Ella era la típica chica que uno conoce, no por su belleza, sino por lo que oculta, por los misterios que hacía que fuera su vida. Era la típica chica solitaria, con pocos amigos, si no uno o dos, de difícil acceso. Y bueno, no sé como, acabé accediendo a ella por algo que publicó pidiendo ayuda con el Photoshop. A raíz de ahí pues empezamos a hablar más a menudo, todo por redes sociales (creo que aún era la época del Messenger, así que imagina), y nunca quedábamos, no por no querer, solo que no salía el tema. Hasta que un día mi padre volvió de Andorra con una cámara de fotos de éstas "semi-reflex" y le dije que viniera conmigo a buscarla y a hacer fotos de la ciudad. Y accedió.
Bueno, a partir de ahí, ese día fue genial, y seguimos hablando todos los días de ese verano, hasta que empezó el curso y ya nos olvidamos de quedar, e incluso nos fuimos distanciando, ya no hablábamos cada día... Y de pronto, un día volviendo a casa, pasaba frente a un instituto que no era el suyo y sentí que alguien me abrazaba entre lágrimas besándome la mejilla y diciéndome lo mucho que me echaba de menos... Me dí cuenta de que era ella y le devolví el abrazo. Un abrazo tierno, de esos que te hacen sentir que todo desaparece al rededor, que sientes que estás en tu hogar, caliente y seco, resguardándote del frío de Invierno. Y ese abrazó. Meu... Ese abrazo, fue el principio de algo que estaba predestinado a acabar mal...
Me empezó a hablar cada día quedábamos los fines de semanas, todos y cada uno de ellos. Y siempre hacíamos lo mismo, comprábamos un Monster para cada uno y una bolsa de patatas Campesinas para compartir. Una vez hecho eso, nos movíamos a una plaza cercana a merendar, montar en Long y hablar de nuestras cosas, y por mucho que siempre hiciéramos lo mismo, cada fin de semana me parecía único a su lado... y así hasta que llego el verano....

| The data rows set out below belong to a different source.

lemma sum_cross_sq_eq_gram:
  "(\<Sum>i\<in>I. \<Sum>j\<in>I. (cmod (u i * v j - u j * v i))\<^sup>2) = 2 * gram I u v"
proof -
  have "complex_of_real (\<Sum>i\<in>I. \<Sum>j\<in>I. (cmod (u i * v j - u j * v i))\<^sup>2)
     = (\<Sum>i\<in>I. \<Sum>j\<in>I. (cnj (u i) * cnj (v j) - cnj (u j) * cnj (v i)) * (u i * v j - u j * v i))"
    unfolding of_real_sum by (intro sum.cong refl) (simp only: complex_norm_square, simp)
  also have "\<dots> = 2 * (cinner I u u * cinner I v v - cinner I u v * cinner I v u)"
    unfolding cinner_def by (rule lagrange_identity[symmetric])
  also have "cinner I v u = cnj (cinner I u v)"
    unfolding cinner_def by (simp add: mult.commute)
  also have "2 * (cinner I u u * cinner I v v - cinner I u v * cnj (cinner I u v))
      = complex_of_real (2 * gram I u v)"
    unfolding cinner_self gram_def by (simp flip: complex_norm_square)
  finally show ?thesis
    by (simp only: of_real_eq_iff)
qed

lemma gram_nonneg: "0 \<le> gram I u v"
proof -
  have "0 \<le> (\<Sum>i\<in>I. \<Sum>j\<in>I. (cmod (u i * v j - u j * v i))\<^sup>2)"
    by (intro sum_nonneg) simp
  then show ?thesis
    unfolding sum_cross_sq_eq_gram by simp
qed

lemma cinner_cauchy_schwarz: "(cmod (cinner I u v))\<^sup>2 \<le> sqnorm I u * sqnorm I v"
  using gram_nonneg[where I = I and u = u and v = v] unfolding gram_def by simp

lemma binet_cauchy_bound:
  "(cmod (cinner I a c * cinner I b d - cinner I a d * cinner I b c))\<^sup>2 \<le> gram I a b * gram I c d"
proof -
  define P where "P = (\<lambda>(i, j). a i * b j - a j * b i)"
  define Q where "Q = (\<lambda>(i, j). c i * d j - c j * d i)"
  have double: "2 * (cinner I a c * cinner I b d - cinner I a d * cinner I b c) = cinner (I \<times> I) P Q"
    unfolding cinner_def lagrange_identity P_def Q_def sum.cartesian_product
    by (intro sum.cong refl) (auto simp: split_def)
  then have "4 * (cmod (cinner I a c * cinner I b d - cinner I a d * cinner I b c))\<^sup>2
      = (cmod (cinner (I \<times> I) P Q))\<^sup>2"
    unfolding double[symmetric] norm_mult by (simp add: power_mult_distrib)
  also have "\<dots> \<le> sqnorm (I \<times> I) P * sqnorm (I \<times> I) Q"
    by (rule cinner_cauchy_schwarz)
  also have "\<dots> = (2 * gram I a b) * (2 * gram I c d)"
    unfolding sum_cross_sq_eq_gram[symmetric] sqnorm_def P_def Q_def
    by (simp add: sum.cartesian_product')
  finally show ?thesis by simp
qed

definition aug :: "complex vec \<Rightarrow> nat \<Rightarrow> complex" where
  "aug x i = (if i = 0 then 1 else x $ (i - 1))"

lemma cinner_aug: "cinner {..<Suc m} (aug x) (aug y) = 1 + cinner {..<m} (($) x) (($) y)"
  unfolding cinner_def sum.lessThan_Suc_shift by (simp add: aug_def)

lemma sqnorm_aug: "sqnorm {..<Suc m} (aug x) = 1 + sqnorm {..<m} (($) x)"
  unfolding sqnorm_def sum.lessThan_Suc_shift by (simp add: aug_def)

lemma vnorm_nonneg: "0 \<le> vnorm x"
  unfolding vnorm_def by (simp add: sum_nonneg)

lemma sqnorm_vec_nth: "x \<in> carrier_vec m \<Longrightarrow> sqnorm {..<m} (($) x) = (vnorm x)\<^sup>2"
  unfolding vnorm_def sqnorm_def by (simp add: sum_nonneg)

lemma cmod_cinner_le_vnorm:
  assumes "x \<in> carrier_vec m" "y \<in> carrier_vec m"
  shows "cmod (cinner {..<m} (($) x) (($) y)) \<le> vnorm x * vnorm y"
proof (rule power2_le_imp_le)
  show "(cmod (cinner {..<m} (($) x) (($) y)))\<^sup>2 \<le> (vnorm x * vnorm y)\<^sup>2"
    using cinner_cauchy_schwarz
    unfolding power_mult_distrib sqnorm_vec_nth[OF assms(1), symmetric] sqnorm_vec_nth[OF assms(2), symmetric] .
qed (simp add: vnorm_nonneg)

lemma cmod_cinner_aug_ge:
  assumes "x \<in> carrier_vec m" "y \<in> carrier_vec m"
  shows "1 - vnorm x * vnorm y \<le> cmod (cinner {..<Suc m} (aug x) (aug y))"
  using cmod_cinner_le_vnorm[OF assms] norm_triangle_ineq2[of 1 "- cinner {..<m} (($) x) (($) y)"]
  unfolding cinner_aug by simp

lemma gram_aug_le:
  assumes "x \<in> carrier_vec m" "y \<in> carrier_vec m"
    and "vnorm x \<le> r" "vnorm y \<le> r" "r \<le> 1"
  shows "gram {..<Suc m} (aug x) (aug y) \<le> 4 * r\<^sup>2"
proof -
  let ?\<alpha> = "vnorm x" and ?\<beta> = "vnorm y"
  have "?\<alpha> * ?\<beta> \<le> 1"
    using assms vnorm_nonneg[of x] vnorm_nonneg[of y] by (intro mult_le_one) auto
  then have "(1 - ?\<alpha> * ?\<beta>)\<^sup>2 \<le> (cmod (cinner {..<Suc m} (aug x) (aug y)))\<^sup>2"
    using cmod_cinner_aug_ge[OF assms(1,2)] by (intro power_mono) auto
  then have "gram {..<Suc m} (aug x) (aug y) \<le> (1 + ?\<alpha>\<^sup>2) * (1 + ?\<beta>\<^sup>2) - (1 - ?\<alpha> * ?\<beta>)\<^sup>2"
    unfolding gram_def sqnorm_aug sqnorm_vec_nth[OF assms(1)] sqnorm_vec_nth[OF assms(2)] by simp
  also have "\<dots> = (?\<alpha> + ?\<beta>)\<^sup>2"
    by (simp add: power2_eq_square algebra_simps)
  also have "\<dots> \<le> (2 * r)\<^sup>2"
    using assms vnorm_nonneg[of x] vnorm_nonneg[of y] by (intro power_mono) auto
  finally show ?thesis by simp
qed

lemma one_minus_sq_le_cmod_cinner_aug:
  assumes "x \<in> carrier_vec m" "y \<in> carrier_vec m" "vnorm x \<le> r" "vnorm y \<le> r"
  shows "1 - r\<^sup>2 \<le> cmod (cinner {..<Suc m} (aug x) (aug y))"
proof -
  have "vnorm x * vnorm y \<le> r * r"
    using assms vnorm_nonneg[of x] vnorm_nonneg[of y] by (intro mult_mono) auto
  then show ?thesis
    using cmod_cinner_aug_ge[OF assms(1,2)] unfolding power2_eq_square by linarith
qed

lemma cmod_cinner_aug_exchange_le:
  assumes "x \<in> carrier_vec m" "y \<in> carrier_vec m" "x' \<in> carrier_vec m" "y' \<in> carrier_vec m"
    and "vnorm x \<le> r" "vnorm y \<le> r" "vnorm x' \<le> r" "vnorm y' \<le> r" "r \<le> 1"
  defines "t u v \<equiv> cinner {..<Suc m} (aug u) (aug v)"
  shows "cmod (t x y' * t x' y - t x y * t x' y') \<le> 4 * r\<^sup>2"
proof (rule power2_le_imp_le)
  have "cmod (t x y' * t x' y - t x y * t x' y') = cmod (t x y * t x' y' - t x y' * t x' y)"
    by (rule norm_minus_commute)
  then have "(cmod (t x y' * t x' y - t x y * t x' y'))\<^sup>2
      \<le> gram {..<Suc m} (aug x) (aug x') * gram {..<Suc m} (aug y) (aug y')"
    unfolding t_def using binet_cauchy_bound by simp
  also have "\<dots> \<le> 4 * r\<^sup>2 * (4 * r\<^sup>2)"
    using assms gram_nonneg by (intro mult_mono gram_aug_le) auto
  finally show "(cmod (t x y' * t x' y - t x y * t x' y'))\<^sup>2 \<le> (4 * r\<^sup>2)\<^sup>2"
    by (simp only: power2_eq_square)
qed simp

lemma cinner_aug_exchange_le:
  assumes carrier: "x \<in> carrier_vec m" "y \<in> carrier_vec m" "x' \<in> carrier_vec m" "y' \<in> carrier_vec m"
    and norms: "vnorm x < r" "vnorm y < r" "vnorm x' < r" "vnorm y' < r"
    and "r < 1"
  defines "t u v \<equiv> cinner {..<Suc m} (aug u) (aug v)"
  shows "cmod (t x y' * t x' y - t x y * t x' y') \<le> 4 * r\<^sup>2 / (1 - r\<^sup>2)\<^sup>2 * (cmod (t x y) * cmod (t x' y'))"
proof -
  have r: "0 \<le> r" "r \<le> 1"
    using norms \<open>r < 1\<close> vnorm_nonneg[of x] by auto
  then have pos: "0 < 1 - r\<^sup>2"
    using \<open>r < 1\<close> by (simp add: power_less_one_iff)
  have "(1 - r\<^sup>2)\<^sup>2 \<le> cmod (t x y) * cmod (t x' y')"
    unfolding power2_eq_square[of "1 - r\<^sup>2"] t_def
    using carrier norms pos by (intro mult_mono one_minus_sq_le_cmod_cinner_aug) auto
  then have "4 * r\<^sup>2 / (1 - r\<^sup>2)\<^sup>2 * (1 - r\<^sup>2)\<^sup>2
      \<le> 4 * r\<^sup>2 / (1 - r\<^sup>2)\<^sup>2 * (cmod (t x y) * cmod (t x' y'))"
    by (rule mult_left_mono) simp
  moreover have "cmod (t x y' * t x' y - t x y * t x' y') \<le> 4 * r\<^sup>2"
    unfolding t_def using carrier norms r by (intro cmod_cinner_aug_exchange_le) auto
  ultimately show ?thesis
    using pos by simp
qed

definition rank_one_mat :: "nat \<Rightarrow> complex \<Rightarrow> (nat \<Rightarrow> complex) \<Rightarrow> (nat \<Rightarrow> complex) \<Rightarrow> complex mat" where
  "rank_one_mat n c u w = mat n n (\<lambda>(i, j). c * u i * cnj (w j))"

lemma rank_one_mat_carrier [simp]: "rank_one_mat n c u w \<in> carrier_mat n n"
  and dim_rank_one_mat [simp]: "dim_row (rank_one_mat n c u w) = n" "dim_col (rank_one_mat n c u w) = n"
  unfolding rank_one_mat_def by simp_all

Sabes eso de... verla día sí, día también ¿y no cansarte de su compañía? Pues eso me pasaba a mi, y a ella conmigo. Íbamos cogidos de la mano a todos lados, sin prisa, como si el tiempo no fuera algo trascendente y disfrutábamos de cada paso que dábamos agarrado el uno al otro. Íbamos a la playa, y al no haber clase nos quedábamos hasta altas horas de la madrugada tirados en la arena hablando y mirando las estrellas mientras escuchábamos las burbujeantes olas del mar. Fíjate tú, que un día al ir a dejarla a casa, su madre me hizo pasar, y ya vio que era un buen chico, y me fió a su hija... Que una madre, fíe a su hija a un chaval, ambos con 15 años... Imagínate Meu...
Todo genial, hasta que un día quedamos, como siempre, y a los 10 minutos de salir de casa me dice que no puede quedar, que el curso se acercaba y tenía que estudiar para las recuperaciones. Total, por un día no me moriré, ¿no? Bueno pues ese día, lo pasé mirando series, hasta que ya bien entrada al tarde me llegó un mensaje de una conocida diciéndome que la habían visto con otro... Joder. Seguro que sabes como sienta eso, y es en ese instante, cuando te das cuenta que de verdad, sí, de verdad sientes algo por esa persona, cuando a día de hoy aún se me caen las lágrimas al recordarlo. Cogí el móvil y le mandé un mensaje, lo recuerdo como si lo hubiera escrito hace cinco minutos "Que bien se estudia en compañía y en medio de la calle. Espero que lo pases bien :) " Esa frase del final, totalmente irónica, como si no se notase... Me empezó a llamar y yo colgándole, no quería saber nada de ella, estaba solo en casa por suerte, tumbado en la cama llorando y con los ojos hinchados "¿Esto es amor?" pensaba, "Esto es una mierda". A la media hora o así, picaron a la puerta, y al abrir con los ojos rojos, me encontré a una persona, también con los ojos rojos, moqueando, con la cara hinchada y respirando como si se hubiera pegado una carrera... Sí, era ella... No me dio tiempo a reaccionar cuando se me abalanzó encima a abrazarme rogándome que la perdonara, y yo... yo no sabía que hacer, estaba débil e indefenso, estaba que no estaba, no tenía capacidad de pensar y bueno.... empezó a contarme que estaba conociendo a un chico. (Toma, Serch, otra patada en las costillas)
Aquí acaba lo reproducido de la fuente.